Data —
(* There is a function $f:(0,\infty)\to[0,1]$ with $\lim_{r\to\infty}r^{c}f(r)=0$ for every $c>0$ such that the following holds. For every common knowledge distinguishing debate game $(A,S,P,C_w,C_l)$ and all positive integers $m,n$ with $|C_l(s)|\le n$ and $|C_w(s)|\ge m$ for all $s\in S$, there is a policy whose error is at most $f(m/n)$.
   Context: Let $\delta$ be a special default action. A CKDDG is a tuple $(A,S,P,C_w,C_l)$ with $A$ finite, $\delta\notin A$, $S$ finite, $P$ a probability mass function on $S$, and $C_w,C_l:S\to\mathcal P(A)$. A policy is $M:\{1,2\}\times(A\cup\{\delta\})^2\to[0,1]$ with $M(1,a_1,a_2)+M(2,a_1,a_2)=1$. For $j\in\{1,2\}$ and $s\in S$, $w^i_M((j,s))$ is the value to agent $i$ of the zero-sum game with payoff matrix $M(i,\cdot,\cdot)$ in which agent $j$ chooses from $C_w(s)\cup\{\delta\}$ and the other agent chooses from $C_l(s)\cup\{\delta\}$. The error is $\mathbb E_{s\sim P}\left[\frac{w^1_M((2,s))+w^2_M((1,s))}{2}\right]$. *)

theory Defs
  imports "HOL-Probability.Probability"
begin

text \<open>Actions are of type 'a option; the default action delta is None, and an
  action a of A is represented as Some a (so delta is automatically not in A).\<close>

definition delta :: "'a option" where "delta = None"

definition mixed :: "'b set \<Rightarrow> ('b \<Rightarrow> real) set" where
  "mixed X = {x. (\<forall>b. 0 \<le> x b) \<and> (\<forall>b. b \<notin> X \<longrightarrow> x b = 0) \<and> sum x X = 1}"

definition game_value :: "'b set \<Rightarrow> 'c set \<Rightarrow> ('b \<Rightarrow> 'c \<Rightarrow> real) \<Rightarrow> real" where
  "game_value X Y g =
     (SUP x\<in>mixed X. INF y\<in>mixed Y. \<Sum>a\<in>X. \<Sum>b\<in>Y. x a * y b * g a b)"

definition is_policy :: "(nat \<Rightarrow> 'a option \<Rightarrow> 'a option \<Rightarrow> real) \<Rightarrow> bool" where
  "is_policy M \<longleftrightarrow> (\<forall>i\<in>{1,2}. \<forall>a1 a2. 0 \<le> M i a1 a2 \<and> M i a1 a2 \<le> 1) \<and>
                    (\<forall>a1 a2. M 1 a1 a2 + M 2 a1 a2 = 1)"

text \<open>w^i_M((j,s)): agent j chooses from C_w(s) \<union> {delta}, the other agent from
  C_l(s) \<union> {delta}; value to agent i of the zero-sum game with payoff M(i,.,.).\<close>
definition wval :: "(nat \<Rightarrow> 'a option \<Rightarrow> 'a option \<Rightarrow> real) \<Rightarrow> ('s \<Rightarrow> 'a set) \<Rightarrow>
    ('s \<Rightarrow> 'a set) \<Rightarrow> nat \<Rightarrow> nat \<Rightarrow> 's \<Rightarrow> real" where
  "wval M Cw Cl i j s =
    (let W = Some ` Cw s \<union> {delta}; L = Some ` Cl s \<union> {delta};
         Xi = (if i = j then W else L); Yo = (if i = j then L else W);
         g = (if i = 1 then (\<lambda>a b. M 1 a b) else (\<lambda>a b. M 2 b a))
     in game_value Xi Yo g)"

definition ckddg_error :: "(nat \<Rightarrow> 'a option \<Rightarrow> 'a option \<Rightarrow> real) \<Rightarrow> 's pmf \<Rightarrow>
    ('s \<Rightarrow> 'a set) \<Rightarrow> ('s \<Rightarrow> 'a set) \<Rightarrow> real" where
  "ckddg_error M P Cw Cl =
     measure_pmf.expectation P (\<lambda>s. (wval M Cw Cl 1 2 s + wval M Cw Cl 2 1 s) / 2)"

definition is_ckddg :: "'a set \<Rightarrow> 's set \<Rightarrow> 's pmf \<Rightarrow> ('s \<Rightarrow> 'a set) \<Rightarrow> ('s \<Rightarrow> 'a set) \<Rightarrow> bool" where
  "is_ckddg A S P Cw Cl \<longleftrightarrow> finite A \<and> finite S \<and> set_pmf P \<subseteq> S \<and>
     (\<forall>s\<in>S. Cw s \<subseteq> A \<and> Cl s \<subseteq> A)"

end

theory Submission
  imports Defs "HOL-Real_Asymp.Real_Asymp"
begin

text \<open>
  The judge labels every action independently: with probability p = t/n it gets a label drawn
  uniformly from a finite set of d labels, otherwise none. An action wins against another if it is
  labelled and its label beats the other's (a labelled action beats an unlabelled one). A label is a
  name below J^2 together with fewer than J blacklisted names, and u beats v unless v blacklists
  the name of u. So any set T of fewer than J labels is dominated (beaten, and not beaten back)
  by the label whose blacklist consists of the names of T and whose name is blacklisted by no
  element of T: fewer than J^2 names are blacklisted by T.

  The honest agent wins, whichever role it plays, as soon as one of its at least m - n actions not
  available to the liar carries a label dominating all labels of the liar's at most n actions.
  This fails only if J of the liar's actions are labelled (probability at most (n p)^J = t^J),
  or if for one of the at most 2^d label sets T with fewer than J elements no honest-only action
  gets a label dominating T (probability at most (1 - p/d)^(m - n)). Averaging over the random
  labelling yields a fixed labelling with error at most t^J + 2^d exp (- t (r - 1) / d), where
  r = m/n; with t = 1 / sqrt r and J large this decays faster than any power of r.
\<close>

type_synonym label = "nat \<times> nat list"

definition labels :: "nat \<Rightarrow> label set" where
  "labels J = {(i, xs). i < J * J \<and> set xs \<subseteq> {..<J * J} \<and> length xs < J}"

definition beats :: "label \<Rightarrow> label \<Rightarrow> bool" where
  "beats u v \<longleftrightarrow> fst u \<notin> set (snd v)"

definition dominates :: "label \<Rightarrow> label set \<Rightarrow> bool" where
  "dominates z T \<longleftrightarrow> (\<forall>t\<in>T. beats z t \<and> \<not> beats t z)"

lemma finite_labels: "finite (labels J)"
proof (rule finite_subset)
  show "labels J \<subseteq> {..<J * J} \<times> {xs. set xs \<subseteq> {..<J * J} \<and> length xs \<le> J}"
    unfolding labels_def by auto
qed (intro finite_cartesian_product finite_lists_length_le; simp)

Problem requirements — What is wanted is the full set of entries above, reproduced exactly.

Answer to this problem —
(* There is a function $f:(0,\infty)\to[0,1]$ with $\lim_{r\to\infty}r^{c}f(r)=0$ for every $c>0$ such that the following holds. For every common knowledge distinguishing debate game $(A,S,P,C_w,C_l)$ and all positive integers $m,n$ with $|C_l(s)|\le n$ and $|C_w(s)|\ge m$ for all $s\in S$, there is a policy whose error is at most $f(m/n)$.
   Context: Let $\delta$ be a special default action. A CKDDG is a tuple $(A,S,P,C_w,C_l)$ with $A$ finite, $\delta\notin A$, $S$ finite, $P$ a probability mass function on $S$, and $C_w,C_l:S\to\mathcal P(A)$. A policy is $M:\{1,2\}\times(A\cup\{\delta\})^2\to[0,1]$ with $M(1,a_1,a_2)+M(2,a_1,a_2)=1$. For $j\in\{1,2\}$ and $s\in S$, $w^i_M((j,s))$ is the value to agent $i$ of the zero-sum game with payoff matrix $M(i,\cdot,\cdot)$ in which agent $j$ chooses from $C_w(s)\cup\{\delta\}$ and the other agent chooses from $C_l(s)\cup\{\delta\}$. The error is $\mathbb E_{s\sim P}\left[\frac{w^1_M((2,s))+w^2_M((1,s))}{2}\right]$. *)

theory Defs
  imports "HOL-Probability.Probability"
begin

text \<open>Actions are of type 'a option; the default action delta is None, and an
  action a of A is represented as Some a (so delta is automatically not in A).\<close>

definition delta :: "'a option" where "delta = None"

definition mixed :: "'b set \<Rightarrow> ('b \<Rightarrow> real) set" where
  "mixed X = {x. (\<forall>b. 0 \<le> x b) \<and> (\<forall>b. b \<notin> X \<longrightarrow> x b = 0) \<and> sum x X = 1}"

definition game_value :: "'b set \<Rightarrow> 'c set \<Rightarrow> ('b \<Rightarrow> 'c \<Rightarrow> real) \<Rightarrow> real" where
  "game_value X Y g =
     (SUP x\<in>mixed X. INF y\<in>mixed Y. \<Sum>a\<in>X. \<Sum>b\<in>Y. x a * y b * g a b)"

definition is_policy :: "(nat \<Rightarrow> 'a option \<Rightarrow> 'a option \<Rightarrow> real) \<Rightarrow> bool" where
  "is_policy M \<longleftrightarrow> (\<forall>i\<in>{1,2}. \<forall>a1 a2. 0 \<le> M i a1 a2 \<and> M i a1 a2 \<le> 1) \<and>
                    (\<forall>a1 a2. M 1 a1 a2 + M 2 a1 a2 = 1)"

text \<open>w^i_M((j,s)): agent j chooses from C_w(s) \<union> {delta}, the other agent from
  C_l(s) \<union> {delta}; value to agent i of the zero-sum game with payoff M(i,.,.).\<close>
definition wval :: "(nat \<Rightarrow> 'a option \<Rightarrow> 'a option \<Rightarrow> real) \<Rightarrow> ('s \<Rightarrow> 'a set) \<Rightarrow>
    ('s \<Rightarrow> 'a set) \<Rightarrow> nat \<Rightarrow> nat \<Rightarrow> 's \<Rightarrow> real" where
  "wval M Cw Cl i j s =
    (let W = Some ` Cw s \<union> {delta}; L = Some ` Cl s \<union> {delta};
         Xi = (if i = j then W else L); Yo = (if i = j then L else W);
         g = (if i = 1 then (\<lambda>a b. M 1 a b) else (\<lambda>a b. M 2 b a))
     in game_value Xi Yo g)"

definition ckddg_error :: "(nat \<Rightarrow> 'a option \<Rightarrow> 'a option \<Rightarrow> real) \<Rightarrow> 's pmf \<Rightarrow>
    ('s \<Rightarrow> 'a set) \<Rightarrow> ('s \<Rightarrow> 'a set) \<Rightarrow> real" where
  "ckddg_error M P Cw Cl =
     measure_pmf.expectation P (\<lambda>s. (wval M Cw Cl 1 2 s + wval M Cw Cl 2 1 s) / 2)"

definition is_ckddg :: "'a set \<Rightarrow> 's set \<Rightarrow> 's pmf \<Rightarrow> ('s \<Rightarrow> 'a set) \<Rightarrow> ('s \<Rightarrow> 'a set) \<Rightarrow> bool" where
  "is_ckddg A S P Cw Cl \<longleftrightarrow> finite A \<and> finite S \<and> set_pmf P \<subseteq> S \<and>
     (\<forall>s\<in>S. Cw s \<subseteq> A \<and> Cl s \<subseteq> A)"

end

theory Submission
  imports Defs "HOL-Real_Asymp.Real_Asymp"
begin

text \<open>
  The judge labels every action independently: with probability p = t/n it gets a label drawn
  uniformly from a finite set of d labels, otherwise none. An action wins against another if it is
  labelled and its label beats the other's (a labelled action beats an unlabelled one). A label is a
  name below J^2 together with fewer than J blacklisted names, and u beats v unless v blacklists
  the name of u. So any set T of fewer than J labels is dominated (beaten, and not beaten back)
  by the label whose blacklist consists of the names of T and whose name is blacklisted by no
  element of T: fewer than J^2 names are blacklisted by T.

  The honest agent wins, whichever role it plays, as soon as one of its at least m - n actions not
  available to the liar carries a label dominating all labels of the liar's at most n actions.
  This fails only if J of the liar's actions are labelled (probability at most (n p)^J = t^J),
  or if for one of the at most 2^d label sets T with fewer than J elements no honest-only action
  gets a label dominating T (probability at most (1 - p/d)^(m - n)). Averaging over the random
  labelling yields a fixed labelling with error at most t^J + 2^d exp (- t (r - 1) / d), where
  r = m/n; with t = 1 / sqrt r and J large this decays faster than any power of r.
\<close>

type_synonym label = "nat \<times> nat list"

definition labels :: "nat \<Rightarrow> label set" where
  "labels J = {(i, xs). i < J * J \<and> set xs \<subseteq> {..<J * J} \<and> length xs < J}"

definition beats :: "label \<Rightarrow> label \<Rightarrow> bool" where
  "beats u v \<longleftrightarrow> fst u \<notin> set (snd v)"

definition dominates :: "label \<Rightarrow> label set \<Rightarrow> bool" where
  "dominates z T \<longleftrightarrow> (\<forall>t\<in>T. beats z t \<and> \<not> beats t z)"

lemma finite_labels: "finite (labels J)"
proof (rule finite_subset)
  show "labels J \<subseteq> {..<J * J} \<times> {xs. set xs \<subseteq> {..<J * J} \<and> length xs \<le> J}"
    unfolding labels_def by auto
qed (intro finite_cartesian_product finite_lists_length_le; simp)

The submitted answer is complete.